A portable Go inference toolkit for local and embedded AI. go-pherence runs transformer decoders, encoders, speech models, and experimental accelerator paths from a single Go codebase, with NVIDIA GPU execution, SIMD CPU kernels, MLX/GPTQ/BF16/F16/F32 weight support, Vulkan scaffolding, and embedded SoC backends.
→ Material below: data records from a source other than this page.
lemma alpha_gamma_mixture:
  assumes "d \<ge> 1" "\<gamma> > 0"
  shows "alpha d \<nu> \<gamma> k = (LINT a:{0<..}|lborel.
           exp (- a) * a powr (\<nu> - 1) / Gamma \<nu> * neg_binomial_weight (real d / 2) (\<gamma>\<^sup>2 / (a + \<gamma>\<^sup>2)) k)"
proof -
  define r where "r = real d / 2"
  define G where "G = \<gamma>\<^sup>2"
  have r: "r > 0" using assms(1) by (simp add: r_def)
  have G: "G > 0" using assms(2) by (simp add: G_def)
  have "Gamma (real k + r) / (fact k * Gamma r * Gamma \<nu>) * \<gamma> ^ (2 * k) *
          (exp (- a) * a powr (\<nu> + r - 1) * (a + G) powr (- real k - r))
        = exp (- a) * a powr (\<nu> - 1) / Gamma \<nu> * neg_binomial_weight r (G / (a + G)) k"
    if "a \<in> {0<..}" for a
  proof -
    have a: "a > 0" using that by simp
    have "r \<notin> \<int>\<^sub>\<le>\<^sub>0" using r nonpos_Ints_nonpos by force
    then have Gamma_shift: "Gamma (real k + r) = pochhammer r k * Gamma r"
      using pochhammer_Gamma[of r k] Gamma_real_pos[OF r] by (simp add: add.commute)
    have gamma_pow: "\<gamma> ^ (2 * k) = G ^ k" by (simp add: G_def power_mult)
    have split_a: "a powr (\<nu> + r - 1) = a powr (\<nu> - 1) * a powr r"
      by (simp add: powr_add[symmetric] algebra_simps)
    have split_aG: "(a + G) powr (- real k - r) = 1 / ((a + G) ^ k * (a + G) powr r)"
      using a G by (simp add: powr_diff powr_minus powr_realpow divide_inverse)
    have complement: "1 - G / (a + G) = a / (a + G)"
      using a G by (simp add: field_simps)
    have "Gamma r > 0" using r by (rule Gamma_real_pos)
    then show ?thesis
      unfolding neg_binomial_weight_def Gamma_shift gamma_pow split_a split_aG complement powr_divide
      using a G by (simp add: field_simps power_divide)
  qed
  then have "(LINT a:{0<..}|lborel. Gamma (real k + r) / (fact k * Gamma r * Gamma \<nu>) * \<gamma> ^ (2 * k) *
          (exp (- a) * a powr (\<nu> + r - 1) * (a + G) powr (- real k - r)))
        = (LINT a:{0<..}|lborel. exp (- a) * a powr (\<nu> - 1) / Gamma \<nu> * neg_binomial_weight r (G / (a + G)) k)"
    by (intro set_lebesgue_integral_cong) auto
  then show ?thesis
    unfolding alpha_def r_def[symmetric] G_def[symmetric] by simp
qed

lemma has_bochner_integral_Gamma:
  fixes s :: real
  assumes "s > 0"
  shows "has_bochner_integral lborel (\<lambda>a. indicator {0<..} a * (exp (- a) * a powr (s - 1))) (Gamma s)"
proof -
  have "(\<lambda>a. indicator {0<..} a * (exp (- a) * a powr (s - 1)))
          = (\<lambda>t. indicator {0..} t * t powr (s - 1) / exp t)"
    by (rule ext) (auto simp: indicator_def exp_minus field_simps)
  then show ?thesis
    using assms Gamma_conv_nn_integral_real[OF assms]
    by (auto intro!: has_bochner_integral_nn_integral simp: Gamma_real_pos less_imp_le)
qed

lemma sums_integral_nonneg:
  fixes g :: "nat \<Rightarrow> 'a \<Rightarrow> real"
  assumes meas: "\<And>k. g k \<in> borel_measurable M" and nonneg: "\<And>k x. 0 \<le> g k x"
    and sums: "\<And>x. (\<lambda>k. g k x) sums G x" and G: "integrable M G"
  shows "(\<lambda>k. integral\<^sup>L M (g k)) sums integral\<^sup>L M G"
proof -
  have partial_le: "(\<Sum>k\<in>I. g k x) \<le> G x" if "finite I" for I x
    using sum_le_suminf[OF sums_summable[OF sums] that] nonneg sums_unique[OF sums[of x]] by auto
  have "integrable M (g k)" for k
  proof (rule Bochner_Integration.integrable_bound[OF G meas], rule AE_I2)
    fix x
    show "norm (g k x) \<le> norm (G x)"
      using partial_le[of "{k}" x] nonneg[of k x] by simp
  qed
  moreover have "(\<lambda>n. integral\<^sup>L M (\<lambda>x. \<Sum>k<n. g k x)) \<longlonglongrightarrow> integral\<^sup>L M G"
  proof (rule integral_dominated_convergence[where w = G])
    show "AE x in M. (\<lambda>n. \<Sum>k<n. g k x) \<longlonglongrightarrow> G x"
      using sums by (simp add: sums_def)
    show "AE x in M. norm (\<Sum>k<n. g k x) \<le> G x" for n
      using partial_le nonneg by (auto intro!: AE_I2 simp: sum_nonneg)
  qed (use G meas in auto)
  ultimately show ?thesis
    unfolding sums_def by (simp add: integral_sum)
qed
It builds as a single static Go binary whenever possible: no Python runtime, no mandatory native SDK, and no CGo dependency in the default hot path.
Current development focus: practical local inference across NVIDIA, CPU/SIMD, and embedded targets; native MTP/speculative decoding for Gemma4 and Qwen3.6; Whisper decoder acceleration; and SpacemiT K3/RISC-V IME2 experiments. See docs/mtp-speculative.md, docs/qwen36-mtp.md, docs/spacemit-ime2.md, and docs/backend-stack.md.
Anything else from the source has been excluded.